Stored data
+++
lemma perturbed_nonintegral_entries_psubset:
  fixes A D :: "'e \<Rightarrow> real"
  assumes "\<forall>e. e \<notin> F \<longrightarrow> D e = 0" "F = {e\<in>U. A e \<notin> \<int>}" "e0 \<in> F" "A e0 + s * D e0 \<in> \<int>"
  shows "{e\<in>U. A e + s * D e \<notin> \<int>} \<subset> F"
proof -
  have "e \<in> F - {e0}" if "e \<in> U" "A e + s * D e \<notin> \<int>" for e
  proof -
    have "e \<noteq> e0" using that(2) assms(4) by auto
    moreover have "e \<in> F"
    proof (rule ccontr)
      assume "e \<notin> F"
      then have "D e = 0" using assms(1) by blast
      then show False using that assms(2) \<open>e \<notin> F\<close> by simp
    qed
    ultimately show ?thesis by simp
  qed
  then show ?thesis using assms(3) by blast
qed

lemma transport_plan_fewer_nonintegral_entries:
  fixes A D w :: "'a \<times> 'b \<Rightarrow> real"
  assumes fin: "finite S" "finite T"
    and nonneg: "\<forall>e. A e \<ge> 0" and supp: "\<forall>e. e \<notin> S\<times>T \<longrightarrow> A e = 0"
    and F: "F = {e\<in>S\<times>T. A e \<notin> \<int>}"
    and D: "\<forall>e. e \<notin> F \<longrightarrow> D e = 0" "\<exists>e\<in>F. D e \<noteq> 0"
      "\<forall>r\<in>S. (\<Sum>c\<in>T. D (r,c)) = 0" "\<forall>c\<in>T. (\<Sum>r\<in>S. D (r,c)) = 0"
    and cost: "(\<Sum>e\<in>S\<times>T. D e * w e) \<le> 0"
  obtains A' :: "'a \<times> 'b \<Rightarrow> real"
  where "\<forall>e. A' e \<ge> 0" "\<forall>e. e \<notin> S\<times>T \<longrightarrow> A' e = 0"
    "\<forall>r\<in>S. (\<Sum>c\<in>T. A' (r,c)) = (\<Sum>c\<in>T. A (r,c))"
    "\<forall>c\<in>T. (\<Sum>r\<in>S. A' (r,c)) = (\<Sum>r\<in>S. A (r,c))"
    "(\<Sum>e\<in>S\<times>T. A' e * w e) \<le> (\<Sum>e\<in>S\<times>T. A e * w e)"
    "{e\<in>S\<times>T. A' e \<notin> \<int>} \<subset> F"
proof -
  define P where "P = {e\<in>F. D e \<noteq> 0}"
  have "finite P" "P \<noteq> {}" "\<forall>e\<in>P. A e \<notin> \<int> \<and> D e \<noteq> 0"
    using fin F D(2) by (auto simp: P_def)
  then obtain s e0 where s: "s > 0" "\<forall>e\<in>P. of_int \<lfloor>A e\<rfloor> \<le> A e + s * D e"
    and e0: "e0 \<in> P" "A e0 + s * D e0 \<in> \<int>"
    using exists_step_to_integer[of P A D] by blast
  define A' where "A' e = A e + s * D e" for e
  have D0: "D e = 0" if "e \<notin> P" for e using D(1) that unfolding P_def by blast
  have nonneg': "\<forall>e. A' e \<ge> 0"
  proof
    fix e show "A' e \<ge> 0"
    proof (cases "e \<in> P")
      case True
      have "(0::real) \<le> of_int \<lfloor>A e\<rfloor>" using nonneg[rule_format, of e] by simp
      also have "\<dots> \<le> A' e" using s(2) True by (simp add: A'_def)
      finally show ?thesis .
    qed (use nonneg[rule_format, of e] D0 in \<open>simp add: A'_def\<close>)
  qed
  have supp': "A' e = 0" if "e \<notin> S\<times>T" for e
    using that supp[rule_format, of e] D(1)[rule_format, of e] F by (simp add: A'_def)
  have rows': "(\<Sum>c\<in>T. A' (r,c)) = (\<Sum>c\<in>T. A (r,c))" if "r \<in> S" for r
    using D(3) that by (simp add: A'_def sum.distrib sum_distrib_left[symmetric])
  have cols': "(\<Sum>r\<in>S. A' (r,c)) = (\<Sum>r\<in>S. A (r,c))" if "c \<in> T" for c
    using D(4) that by (simp add: A'_def sum.distrib sum_distrib_left[symmetric])
  have cost': "(\<Sum>e\<in>S\<times>T. A' e * w e) \<le> (\<Sum>e\<in>S\<times>T. A e * w e)"
  proof -
    have "(\<Sum>e\<in>S\<times>T. A' e * w e) = (\<Sum>e\<in>S\<times>T. A e * w e) + s * (\<Sum>e\<in>S\<times>T. D e * w e)"
      by (simp add: A'_def algebra_simps sum.distrib sum_distrib_left)
    then show ?thesis using s(1) cost by (simp add: mult_nonneg_nonpos)
  qed
  have strict': "{e\<in>S\<times>T. A' e \<notin> \<int>} \<subset> F"
    unfolding A'_def using e0 D(1) F by (intro perturbed_nonintegral_entries_psubset) (auto simp: P_def)
  show ?thesis
    by (rule that[OF nonneg' _ _ _ cost' strict']) (use supp' rows' cols' in blast)+
qed
(* Let $F\in\{\triangle_0,\mathcal{T}\mathbb{R}_0,\mathcal{T}\mathbb{C}_0,\mathcal{T}\triangle_0\}$. Define $H:F\times[0,1]\to F$ by $H(0,t)=0$ and $H(x,t)=x|x|^{-t}$ for $x\ne0$. Then $H$ is a hyperfield homotopy. Moreover $H_0$ is the identity and $H_1(x)=\operatorname{ph}(x)$.
   Context: Hyperfields. A hyperfield $(F,\odot,\boxplus,1,0)$ has the following data and axioms. - $\odot$ is a commutative multiplication and $\boxplus$ is a hyperaddition assigning to each $x,y$ a nonempty subset $x\boxplus y\subseteq F$ (extended to subsets by unions). - $\boxplus$ is commutative and associative, and $x\boxplus 0=\{x\}$. - Each $x$ has a unique $-x$ with $0\in x\boxplus(-x)$, and $x\in y\boxplus z \iff z\in x\boxplus(-y)$. - $(F\setminus\{0\},\odot,1)$ is an abelian group, $0\odot x=0$, and $x\odot(y\boxplus z)=(x\odot y)\boxplus(x\odot z)$. A homomorphism $h$ satisfies $h(0)=0$, $h(1)=1$, $h(xy)=h(x)h(y)$ and $h(x\boxplus y)\subseteq h(x)\boxplus h(y)$. Topological hyperfields. A topological hyperfield is a hyperfield with a topology in which $F\setminus\{0\}$ is open, multiplication is continuous, and inversion on $F^\times$ is continuous. If $T$ is the topology, the 0-coarse topology has as open sets $F$ together with all $U\in T$ with $0\notin U$. A hyperfield homotopy between topological hyperfields $F,F'$ is a continuous $H:F\times[0,1]\to F'$ such that each $H_t=H(\cdot,t)$ is a hyperfield homomorphism. The hyperfields in the claim all use the usual multiplication of $\mathbb{C}$. - $\triangle=\mathbb{R}_{\ge0}$ with $a\boxplus b=[|a-b|,a+b]$. - $\mathcal{T}\triangle=\mathbb{R}_{\ge0}$ with $a\boxplus b=\{\max(a,b)\}$ if $a\ne b$, and $a\boxplus a=[0,a]$. - $\mathcal{T}\mathbb{R}=\mathbb{R}$ with $a\boxplus b=\{a\}$ if $|a|>|b|$ or $a=b$, and $a\boxplus(-a)=[-|a|,|a|]$. - $\mathcal{T}\mathbb{C}=\mathbb{C}$ with the following hyperaddition: $a\boxplus b=\{a\}$ if $|a|>|b|$; $a\boxplus(-a)$ is the closed disk $\{x:|x|\le|a|\}$; if $|a|=|b|$ and $b\ne-a$, then $a\boxplus b$ is the shortest closed arc from $a$ to $b$ on the circle of radius $|a|$ centered at $0$. The subscript $0$ means the 0-coarse topology derived from the usual Euclidean topology. $\operatorname{ph}(x)=x/|x|$ for $x\ne0$, and $\operatorname{ph}(0)=0$. *)

theory Defs
  imports "HOL-Analysis.Analysis"
begin

text \<open>Concrete hyperfields whose multiplication is the ordinary multiplication of a
real normed field ('a = real or complex). A hyperfield is given by its carrier S
(a subset of 'a, containing 0 and 1, closed under multiplication) and its
hyperaddition hadd.\<close>

definition tri_add :: "real \<Rightarrow> real \<Rightarrow> real set" where
  "tri_add a b = {\<bar>a - b\<bar>..a + b}"

definition ttri_add :: "real \<Rightarrow> real \<Rightarrow> real set" where
  "ttri_add a b = (if a \<noteq> b then {max a b} else {0..a})"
+++
Would you retype the lines above from the one with "by (rule that[OF" down to the one with "Define $H:F\times[0,1]\to F$", word for word, both ends included and no other lines?

OUTPUT FOR THIS EXERCISE:
    by (rule that[OF nonneg' _ _ _ cost' strict']) (use supp' rows' cols' in blast)+
qed
(* Let $F\in\{\triangle_0,\mathcal{T}\mathbb{R}_0,\mathcal{T}\mathbb{C}_0,\mathcal{T}\triangle_0\}$. Define $H:F\times[0,1]\to F$ by $H(0,t)=0$ and $H(x,t)=x|x|^{-t}$ for $x\ne0$. Then $H$ is a hyperfield homotopy. Moreover $H_0$ is the identity and $H_1(x)=\operatorname{ph}(x)$.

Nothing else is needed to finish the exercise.